Data Scientists deal with fields like machine learning, artificial intelligence, and deep learning that involve analyzing data using complex algorithms. Python provides dedicated libraries and frameworks that help data scientists manage complex problems such as:
- Data visualization
- Data modeling
- Data exploration
- Data Collection and Cleaning
Advantages of Python in Business Intelligence
- Descriptive Analysis Using BI & Dashboards: Business Analytics involves understanding the trends across data through visual analysis. Data Scientists prefer using Python as it provides libraries such as Pandas for manipulating data and Matplotlib for creating visualizations.
- Predictive Analysis Using ML/DL: Machine Learning is used in Business Analytics to predict future events using data modeling and statistical algorithms. Most entertainment businesses such as Netflix and Youtube have a recommended section based on predictive Analysis. Data Scientists use Tensor flow, a popular python library that provides access to supervised and unsupervised ML algorithms.
Finance Sector
The finance industry deals with a lot of data. If analyzed and processed, it provides helpful insight that can help increase revenue. The analysis and processing are done through AI-supported data analysis, and as a result, data scientists choose python as their go-to language for such applications. Lets us look at an example of how python helps in predicting stocks prices:
Advantages of Python in the Finance Sector
- Convenient Financial Data Analysis: Data Scientists use algorithms of ML from Scikit-learn, a python library, for training ML models on the data gathered. These models use statistical data, company announcements, and revenue results to make a statistical prediction about future stock prices. The accuracy depends on the magnitude of data and the type of algorithm used.
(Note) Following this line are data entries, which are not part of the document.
lemma dparent_less: "2 \<le> x \<Longrightarrow> dparent d x < x"
proof -
  assume x: "2 \<le> x"
  have "(x + d - 3) div d < x"
  proof (cases "d = 0")
    case True then show ?thesis using x by simp
  next
    case False
    have "x + d - 3 < d * x" using x False
      by (cases x; cases d) (auto simp: algebra_simps)
    then show ?thesis using False by (simp add: div_less_iff_less_mult mult.commute)
  qed
  then show ?thesis using x by (simp add: dparent_def)
qed

lemma one_le_dparent: "1 \<le> dparent d x"
  by (simp add: dparent_def)

lemma dparent_mono: "x \<le> y \<Longrightarrow> dparent d x \<le> dparent d y"
  unfolding dparent_def by (intro max.mono div_le_mono) auto

lemma div_eq_iff_bounds: "0 < (b::nat) \<Longrightarrow> a div b = q \<longleftrightarrow> q * b \<le> a \<and> a < Suc q * b"
proof -
  assume b: "0 < b"
  have "a div b = q \<longleftrightarrow> q \<le> a div b \<and> \<not> Suc q \<le> a div b"
    by arith
  then show ?thesis
    using less_eq_div_iff_mult_less_eq[OF b] by (auto simp del: mult_Suc)
qed

lemma dparent_eq_1_iff: "2 \<le> d \<Longrightarrow> 2 \<le> x \<Longrightarrow> dparent d x = 1 \<longleftrightarrow> x \<le> d + 2"
proof -
  assume d: "2 \<le> d" and x: "2 \<le> x"
  have "(x + d - 3) div d \<le> 1 \<longleftrightarrow> x + d - 3 < 2 * d"
    using d less_eq_div_iff_mult_less_eq[of d 2 "x + d - 3"] by auto
  then show ?thesis using d x unfolding dparent_def by auto
qed

lemma dparent_eq_iff:
  assumes d: "2 \<le> d" and v: "2 \<le> v"
  shows "dparent d x = v \<longleftrightarrow> d * (v - 1) + 3 \<le> x \<and> x \<le> d * (v - 1) + d + 2"
proof -
  obtain w where w: "v = Suc (Suc w)" using v by (metis add_2_eq_Suc le_Suc_ex)
  have "dparent d x = v \<longleftrightarrow> (x + d - 3) div d = v" using v unfolding dparent_def by auto
  also have "\<dots> \<longleftrightarrow> v * d \<le> x + d - 3 \<and> x + d - 3 < Suc v * d"
    using d by (simp add: div_eq_iff_bounds)
  also have "\<dots> \<longleftrightarrow> d * (v - 1) + 3 \<le> x \<and> x \<le> d * (v - 1) + d + 2"
    using d unfolding w by (auto simp: algebra_simps)
  finally show ?thesis .
qed

lemma dchildren_eq:
  "2 \<le> d \<Longrightarrow> 1 \<le> v \<Longrightarrow> {x. 2 \<le> x \<and> dparent d x = v} =
    (if v = 1 then {2 .. d + 2} else {d * (v - 1) + 3 .. d * (v - 1) + d + 2})"
  using dparent_eq_1_iff[of d] dparent_eq_iff[of d v] by (auto simp del: One_nat_def)

lemma card_dchildren:
  "2 \<le> d \<Longrightarrow> 1 \<le> v \<Longrightarrow> card {x. 2 \<le> x \<and> dparent d x = v} = (if v = 1 then d + 1 else d)"
  by (simp add: dchildren_eq)

lemma finite_dchildren: "2 \<le> d \<Longrightarrow> 1 \<le> v \<Longrightarrow> finite {x. 2 \<le> x \<and> dparent d x = v}"
  by (simp add: dchildren_eq)

definition parent_edges :: "nat \<Rightarrow> nat \<Rightarrow> nat set set" where
  "parent_edges d n = (\<lambda>x. {dparent d x, x}) ` {2..n}"

lemma inj_on_parent_edge: "inj_on (\<lambda>x. {dparent d x, x}) {x. 2 \<le> x}"
proof (rule inj_onI)
  fix x y assume "x \<in> {x. 2 \<le> x}" "y \<in> {x. 2 \<le> x}" "{dparent d x, x} = {dparent d y, y}"
  moreover have "dparent d x < x" "dparent d y < y" using calculation dparent_less by auto
  ultimately show "x = y" by (auto simp: doubleton_eq_iff)
qed

lemma gdeg_parent_edges:
  "gdeg (parent_edges d n) v = card {x \<in> {2..n}. dparent d x = v} + (if 2 \<le> v \<and> v \<le> n then 1 else 0)"
proof -
  let ?X = "{x \<in> {2..n}. dparent d x = v}" and ?Y = "{x \<in> {2..n}. x = v}"
  have "{e \<in> parent_edges d n. v \<in> e} = (\<lambda>x. {dparent d x, x}) ` (?X \<union> ?Y)"
    unfolding parent_edges_def by auto
  moreover have "inj_on (\<lambda>x. {dparent d x, x}) (?X \<union> ?Y)"
    by (rule inj_on_subset[OF inj_on_parent_edge]) auto
  ultimately have "gdeg (parent_edges d n) v = card (?X \<union> ?Y)"
    unfolding gdeg_def by (simp add: card_image)
  also have "\<dots> = card ?X + card ?Y"
    by (rule card_Un_disjoint) (use dparent_less[of v d] in auto)
  also have "?Y = (if 2 \<le> v \<and> v \<le> n then {v} else {})"
    by auto
  finally show ?thesis by simp
qed

lemma least_unsaturated_eq_dparent:
  assumes d: "2 \<le> d"
  shows "(LEAST v. v \<in> {1..Suc m} \<and> gdeg (parent_edges d (Suc m)) v \<le> d) = dparent d (Suc (Suc m))"
proof (rule Least_equality)
  let ?p = "dparent d (Suc (Suc m))"
  have p1: "1 \<le> ?p" and pt: "?p < Suc (Suc m)"
    using one_le_dparent dparent_less[of "Suc (Suc m)" d] by auto
  have "card {x \<in> {2..Suc m}. dparent d x = ?p} \<le> card ({x. 2 \<le> x \<and> dparent d x = ?p} - {Suc (Suc m)})"
    by (rule card_mono) (use finite_dchildren[OF d p1] in auto)
  also have "\<dots> = (if ?p = 1 then d + 1 else d) - 1"
    using card_dchildren[OF d p1] by (simp add: card_Diff_singleton)
  finally show "?p \<in> {1..Suc m} \<and> gdeg (parent_edges d (Suc m)) ?p \<le> d"
    using p1 pt d by (auto simp: gdeg_parent_edges split: if_splits)
next
  fix y assume y: "y \<in> {1..Suc m} \<and> gdeg (parent_edges d (Suc m)) y \<le> d"
  show "dparent d (Suc (Suc m)) \<le> y"
  proof (rule ccontr)
    assume "\<not> dparent d (Suc (Suc m)) \<le> y"
    then have "x \<le> Suc m" if "dparent d x = y" for x
      using that dparent_mono[of "Suc (Suc m)" x d] by (cases "x \<le> Suc m") auto
    then have "{x \<in> {2..Suc m}. dparent d x = y} = {x. 2 \<le> x \<and> dparent d x = y}"
      by auto
    then show False
      using y card_dchildren[OF d, of y] by (auto simp: gdeg_parent_edges split: if_splits)
  qed
qed

lemma dendrimer_edges_eq_parent_edges: "2 \<le> d \<Longrightarrow> dendrimer_edges d n = parent_edges d n"
proof (induction d n rule: dendrimer_edges.induct)
  case (3 d m)
  have "dendrimer_edges d (Suc (Suc m)) = insert {dparent d (Suc (Suc m)), Suc (Suc m)} (parent_edges d (Suc m))"
    using 3 least_unsaturated_eq_dparent[OF "3.prems", of m] by (simp add: Let_def)
  also have "\<dots> = parent_edges d (Suc (Suc m))"
    unfolding parent_edges_def by (auto simp: atLeastAtMostSuc_conv)
  finally show ?case .
qed (simp_all add: parent_edges_def)

section \<open>Distances\<close>

text \<open>Always the larger endpoint moves to its parent: ancestors carry smaller numbers, so the
  two climbs meet at the lowest common ancestor.\<close>

function tree_dist :: "nat \<Rightarrow> nat \<Rightarrow> nat \<Rightarrow> nat" where
  "tree_dist d u v =
    (if u = v then 0
     else if v < u then (if u \<le> 1 then 0 else Suc (tree_dist d (dparent d u) v))
     else (if v \<le> 1 then 0 else Suc (tree_dist d u (dparent d v))))"
  by auto
termination
  by (relation "measure (\<lambda>(d, u, v). u + v)") (auto intro!: dparent_less)

declare tree_dist.simps [simp del]

lemma tree_dist_sym: "tree_dist d u v = tree_dist d v u"
proof (induction d u v rule: tree_dist.induct)
  case (1 d u v)
  show ?case
    using 1 by (subst (1 2) tree_dist.simps) auto
qed

lemma tree_dist_self [simp]: "tree_dist d u u = 0"
  by (simp add: tree_dist.simps)

lemma tree_dist_dparent_left: "v < u \<Longrightarrow> 2 \<le> u \<Longrightarrow> tree_dist d u v = Suc (tree_dist d (dparent d u) v)"
  by (subst tree_dist.simps) auto

lemma tree_dist_dparent_right: "u < v \<Longrightarrow> 2 \<le> v \<Longrightarrow> tree_dist d u v = Suc (tree_dist d u (dparent d v))"
  by (subst tree_dist.simps) auto

lemma tree_dist_dparent_step:
  "2 \<le> x \<Longrightarrow> 1 \<le> w \<Longrightarrow>
    tree_dist d (dparent d x) w = Suc (tree_dist d x w) \<or> tree_dist d x w = Suc (tree_dist d (dparent d x) w)"
proof (induction w arbitrary: x rule: less_induct)
  case (less w)
  have px: "dparent d x < x" "1 \<le> dparent d x"
    using less.prems dparent_less one_le_dparent by auto
  consider "w < x" | "w = x" | "x < w" by linarith
  then show ?case
  proof cases
    case 1
    then show ?thesis using less.prems by (simp add: tree_dist_dparent_left)
  next
    case 2
    then show ?thesis using px less.prems by (simp add: tree_dist_dparent_right)
  next
    case 3
    then have w2: "2 \<le> w" using less.prems by simp
    have "tree_dist d (dparent d x) (dparent d w) = Suc (tree_dist d x (dparent d w))
        \<or> tree_dist d x (dparent d w) = Suc (tree_dist d (dparent d x) (dparent d w))"
      using less.IH[of "dparent d w" x] dparent_less[OF w2] one_le_dparent less.prems by auto
    then show ?thesis
      using 3 px w2 by (simp add: tree_dist_dparent_right)
  qed
qed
- More Accurate Financial Data Visualization: The results are displayed in visual representation in the form of charts and graphs using the Matplotlib library. As a result, python makes it easier for users to get relevant data, analyze it and produce visual insights in the same language. It helps developers to reduce production time for their applications.
- Efficient Data Pipelining: Python supports Pandas web data reader extensions to get financial data from remote databases like Google Finance and Enigma.
The Bottom Line
Python is a reliable, sustainable, well-documented language with a secure future due to the growing community of developers supporting it.
We’ve already seen the reason why developers support python. In case you missed any, here’s a concise list:
- Python enables decreased production time of applications due to its clean syntax.
- Developers can understand each other’s code written in python due to its high readability.
- Python provides large libraries and frameworks catering to projects in diverse fields, from web and software development to machine learning and IoT app development.
- Companies like Google support Python by contributing to its documentation and spreading awareness through workshops on the benefits of using python.
- Its reliability is seen as tech giants like Youtube, Google, and Reddit use it to power their applications.